Monitoring and Reporting¶
As pipelines run, they generate status information and store it. The Status
object contains the specification of the exact information stored, but there are a few key fields that are important to consider for other parts of the pipeline.
Automatic monitoring requires the creation of a Sqlite database as mentioned in the Getting Started section. However, for testing and possibly other purposes, it is possible to either disable logging (by setting the log_status
flag to False
), or to send logging information to a different Sqlite database than the one specified in configuration (by setting conn
to some other sqlite3.Connection
object).
- Note:
- If you pass your own Sqlite connection, you are responsible for making sure that it is closed after the pipeline runs and has the
status
table configured with the proper schema.

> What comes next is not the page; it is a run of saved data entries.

(* There is an absolute constant $C$ such that the following holds. Let $A=(\Sigma, Q, Q_0, \delta, F)$ be an NFA with $n$ states that remembers the last symbol. For each symbol $a \in \Sigma$, let $Q_a=\bigcup_{q\in Q}\delta(q,a) \subseteq Q$ be the set of states reachable by a transition by $a$, and let $n_1 = \max_{a \in \Sigma} |Q_a|$. Then there is a DFA with at most $2^{n-n_1} \cdot (g(n_1)+Cn_1^2)$ states recognizing $L(A)$.
   Context: Landau's function is $g(m)=\max\{\operatorname{lcm}(p_1,\ldots,p_k) : k\geqslant 1,\ p_i\geqslant 1 \text{ integers},\ p_1+\cdots+p_k\leqslant m\}$. An NFA is a quintuple $(\Sigma,Q,Q_0,\delta,F)$ with set of initial states $Q_0\subseteq Q$, transition function $\delta\colon Q\times\Sigma\to 2^Q$ and accepting states $F$. A DFA is an NFA with one initial state and exactly one transition from each state by each symbol. An NFA remembers the last symbol if its state set is a disjoint union of subsets $P_a$ ($a\in\Sigma$) with $\delta(q,a)\subseteq P_a$ for all $q\in Q$, $a\in\Sigma$. *)

theory Defs
  imports Complex_Main
begin

(* For m = 0 the set of such lists is empty; we use the
   standard convention g(0) = 1 (the lcm of the empty partition). *)
definition landau :: "nat \<Rightarrow> nat" where
  "landau m = Max (insert 1 {Lcm (set ps) | ps. ps \<noteq> [] \<and> (\<forall>p\<in>set ps. p \<ge> 1) \<and> sum_list ps \<le> m})"

definition is_nfa :: "'a set \<Rightarrow> 'q set \<Rightarrow> 'q set \<Rightarrow> ('q \<Rightarrow> 'a \<Rightarrow> 'q set) \<Rightarrow> 'q set \<Rightarrow> bool" where
  "is_nfa \<Sigma> Q Q0 \<delta> F \<longleftrightarrow> finite \<Sigma> \<and> finite Q \<and> Q0 \<subseteq> Q \<and> F \<subseteq> Q \<and>
     (\<forall>q\<in>Q. \<forall>a\<in>\<Sigma>. \<delta> q a \<subseteq> Q)"

definition is_dfa :: "'a set \<Rightarrow> 'q set \<Rightarrow> 'q set \<Rightarrow> ('q \<Rightarrow> 'a \<Rightarrow> 'q set) \<Rightarrow> 'q set \<Rightarrow> bool" where
  "is_dfa \<Sigma> Q Q0 \<delta> F \<longleftrightarrow> is_nfa \<Sigma> Q Q0 \<delta> F \<and> card Q0 = 1 \<and>
     (\<forall>q\<in>Q. \<forall>a\<in>\<Sigma>. card (\<delta> q a) = 1)"

definition delta_word :: "('q \<Rightarrow> 'a \<Rightarrow> 'q set) \<Rightarrow> 'q set \<Rightarrow> 'a list \<Rightarrow> 'q set" where
  "delta_word \<delta> S w = foldl (\<lambda>T a. \<Union>q\<in>T. \<delta> q a) S w"

definition nfa_lang :: "'a set \<Rightarrow> 'q set \<Rightarrow> ('q \<Rightarrow> 'a \<Rightarrow> 'q set) \<Rightarrow> 'q set \<Rightarrow> 'a list set" where
  "nfa_lang \<Sigma> Q0 \<delta> F = {w. set w \<subseteq> \<Sigma> \<and> delta_word \<delta> Q0 w \<inter> F \<noteq> {}}"

definition remembers_last :: "'a set \<Rightarrow> 'q set \<Rightarrow> ('q \<Rightarrow> 'a \<Rightarrow> 'q set) \<Rightarrow> bool" where
  "remembers_last \<Sigma> Q \<delta> \<longleftrightarrow> (\<exists>P :: 'a \<Rightarrow> 'q set.
     Q = (\<Union>a\<in>\<Sigma>. P a) \<and>
     (\<forall>a\<in>\<Sigma>. \<forall>b\<in>\<Sigma>. a \<noteq> b \<longrightarrow> P a \<inter> P b = {}) \<and>
     (\<forall>q\<in>Q. \<forall>a\<in>\<Sigma>. \<delta> q a \<subseteq> P a))"

definition reach_by :: "'q set \<Rightarrow> ('q \<Rightarrow> 'a \<Rightarrow> 'q set) \<Rightarrow> 'a \<Rightarrow> 'q set" where
  "reach_by Q \<delta> a = (\<Union>q\<in>Q. \<delta> q a)"

end

(*
  Fix a letter a
  with |Q_a| = n1 maximal and put U = Q - Q_a. As the automaton remembers the last symbol, after
  any other letter the current subset lies in U, which accounts for the factor 2^(n - n1). Along a
  maximal block of letters a the subset runs through the orbit Y, E Y, E^2 Y, ... of the relation E
  of a-transitions on Q_a, where Y is determined by the subset (Q0 or a nonempty subset of U)
  before the block.

  For a digraph on s vertices, walks of any length k >= 10 s^2 + 3 s can be re-timed to every
  length congruent to k modulo the lcm of the periods (gcds of the closed walk lengths) of its
  strongly connected components: cut the walk into its pieces inside components and lengthen or
  shorten the long pieces in cyclic components, using that every multiple of the gcd of finitely
  many positive integers <= B which is >= B^2 is a nonnegative combination of them. The periods
  are bounded by the sizes of the disjoint components, so their lcm is at most g(s), and every
  orbit has at most g(s) + 13 s^2 elements.
*)

theory Submission
  imports Defs
begin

Using the connection created via the configuration will ensure everything is correct.
status¶
Status is a string that can be one of three things: new
for pipelines that have just started to run, success
for pipelines that have successfully completed, and error
for pipelines that have unsuccessfully run. In the event that a pipeline has an error
status, the Exception that was raised to break the pipeline will be attached to the string.
num_lines¶
This field holds the length of the data
object that is eventually loaded into the final Loader
destination. This can be helpful for tracking dataset growth over time, and possibly forecasting if different ETL pre-processing would be needed in order to keep up with the growth of the dataset.
input_checksum¶
One of the goals of the Pipeline is to avoid re-processing the same input data twice. In order to do this, a checksum of a file’s contents is created when the pipeline loads. This checksum is an md5 hash of the file’s contents, read in 8192-byte chunks (see checksum_contents()
for an example).
When a given pipeline is run again, it checks against the status table to see if a pipeline with the same name has an identical checksum. If it does, it raises a custom DuplicateFileException
and halts.
- Note:
DuplicateFileException
is thrown before a new Status object is created to represent a new pipeline. If you are seeing long gaps where you think new pipelines should be running, make sure that your source data is being updated properly.